§ **What you need to do**
The entries that follow should be written out exactly.

[Collected data]
>>>>>
definition ract :: "'r::comm_ring_1 \<Rightarrow> nat \<Rightarrow> nat \<Rightarrow> (int set set \<Rightarrow> 'r) \<Rightarrow> ((nat \<Rightarrow> nat) \<Rightarrow> 'r) \<Rightarrow> (int set set \<Rightarrow> 'r)" where
  "ract \<delta> n m f a = pmult \<delta> n f (RS_emb n m a)"

text \<open>B (a set of representatives in P_n) maps to a basis of P_n/J_m over R S_m:
  every class is a finitely supported combination sum_b b.a_b, and such a combination
  lies in J_m only if all coefficients vanish.\<close>
definition free_quotient_basis ::
  "'r::comm_ring_1 \<Rightarrow> nat \<Rightarrow> nat \<Rightarrow> (int set set \<Rightarrow> 'r) set \<Rightarrow> bool" where
  "free_quotient_basis \<delta> n m B \<longleftrightarrow>
     B \<subseteq> Pn n \<and>
     (\<forall>f\<in>Pn n. \<exists>a. (\<forall>b\<in>B. a b \<in> RS m) \<and> finite {b\<in>B. a b \<noteq> (\<lambda>_. 0)} \<and>
        (\<lambda>d. f d - (\<Sum>b\<in>{b\<in>B. a b \<noteq> (\<lambda>_. 0)}. ract \<delta> n m b (a b) d)) \<in> Jm n m) \<and>
     (\<forall>a. (\<forall>b\<in>B. a b \<in> RS m) \<and> finite {b\<in>B. a b \<noteq> (\<lambda>_. 0)} \<and>
        (\<lambda>d. \<Sum>b\<in>{b\<in>B. a b \<noteq> (\<lambda>_. 0)}. ract \<delta> n m b (a b) d) \<in> Jm n m
        \<longrightarrow> (\<forall>b\<in>B. a b = (\<lambda>_. 0)))"

definition free_right_RS_quotient :: "'r::comm_ring_1 \<Rightarrow> nat \<Rightarrow> nat \<Rightarrow> bool" where
  "free_right_RS_quotient \<delta> n m \<longleftrightarrow> (\<exists>B. free_quotient_basis \<delta> n m B)"

end

(* Right multiplication of a diagram d by the permutation diagram of sigma in S_m
   creates no closed middle components: it only relabels the right nodes n-m+1..n
   of d by sigma.  The diagrams outside J_m are stable under this relabelling, and
   S_m acts freely on them, because each of the last m right nodes lies in a block
   that also contains a node which is not relabelled.  So these diagrams split into
   free S_m-orbits, and the basis vectors of a set of orbit representatives form a
   basis of P_n/J_m over R S_m.  Over the zero ring all basis vectors coincide, and
   the empty set is a basis instead. *)

theory Submission
  imports Defs "HOL-Algebra.Sym_Groups"
begin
<<<<<
§ **Problem solution**
definition ract :: "'r::comm_ring_1 \<Rightarrow> nat \<Rightarrow> nat \<Rightarrow> (int set set \<Rightarrow> 'r) \<Rightarrow> ((nat \<Rightarrow> nat) \<Rightarrow> 'r) \<Rightarrow> (int set set \<Rightarrow> 'r)" where
  "ract \<delta> n m f a = pmult \<delta> n f (RS_emb n m a)"

text \<open>B (a set of representatives in P_n) maps to a basis of P_n/J_m over R S_m:
  every class is a finitely supported combination sum_b b.a_b, and such a combination
  lies in J_m only if all coefficients vanish.\<close>
definition free_quotient_basis ::
  "'r::comm_ring_1 \<Rightarrow> nat \<Rightarrow> nat \<Rightarrow> (int set set \<Rightarrow> 'r) set \<Rightarrow> bool" where
  "free_quotient_basis \<delta> n m B \<longleftrightarrow>
     B \<subseteq> Pn n \<and>
     (\<forall>f\<in>Pn n. \<exists>a. (\<forall>b\<in>B. a b \<in> RS m) \<and> finite {b\<in>B. a b \<noteq> (\<lambda>_. 0)} \<and>
        (\<lambda>d. f d - (\<Sum>b\<in>{b\<in>B. a b \<noteq> (\<lambda>_. 0)}. ract \<delta> n m b (a b) d)) \<in> Jm n m) \<and>
     (\<forall>a. (\<forall>b\<in>B. a b \<in> RS m) \<and> finite {b\<in>B. a b \<noteq> (\<lambda>_. 0)} \<and>
        (\<lambda>d. \<Sum>b\<in>{b\<in>B. a b \<noteq> (\<lambda>_. 0)}. ract \<delta> n m b (a b) d) \<in> Jm n m
        \<longrightarrow> (\<forall>b\<in>B. a b = (\<lambda>_. 0)))"

definition free_right_RS_quotient :: "'r::comm_ring_1 \<Rightarrow> nat \<Rightarrow> nat \<Rightarrow> bool" where
  "free_right_RS_quotient \<delta> n m \<longleftrightarrow> (\<exists>B. free_quotient_basis \<delta> n m B)"

end

(* Right multiplication of a diagram d by the permutation diagram of sigma in S_m
   creates no closed middle components: it only relabels the right nodes n-m+1..n
   of d by sigma.  The diagrams outside J_m are stable under this relabelling, and
   S_m acts freely on them, because each of the last m right nodes lies in a block
   that also contains a node which is not relabelled.  So these diagrams split into
   free S_m-orbits, and the basis vectors of a set of orbit representatives form a
   basis of P_n/J_m over R S_m.  Over the zero ring all basis vectors coincide, and
   the empty set is a basis instead. *)

theory Submission
  imports Defs "HOL-Algebra.Sym_Groups"
begin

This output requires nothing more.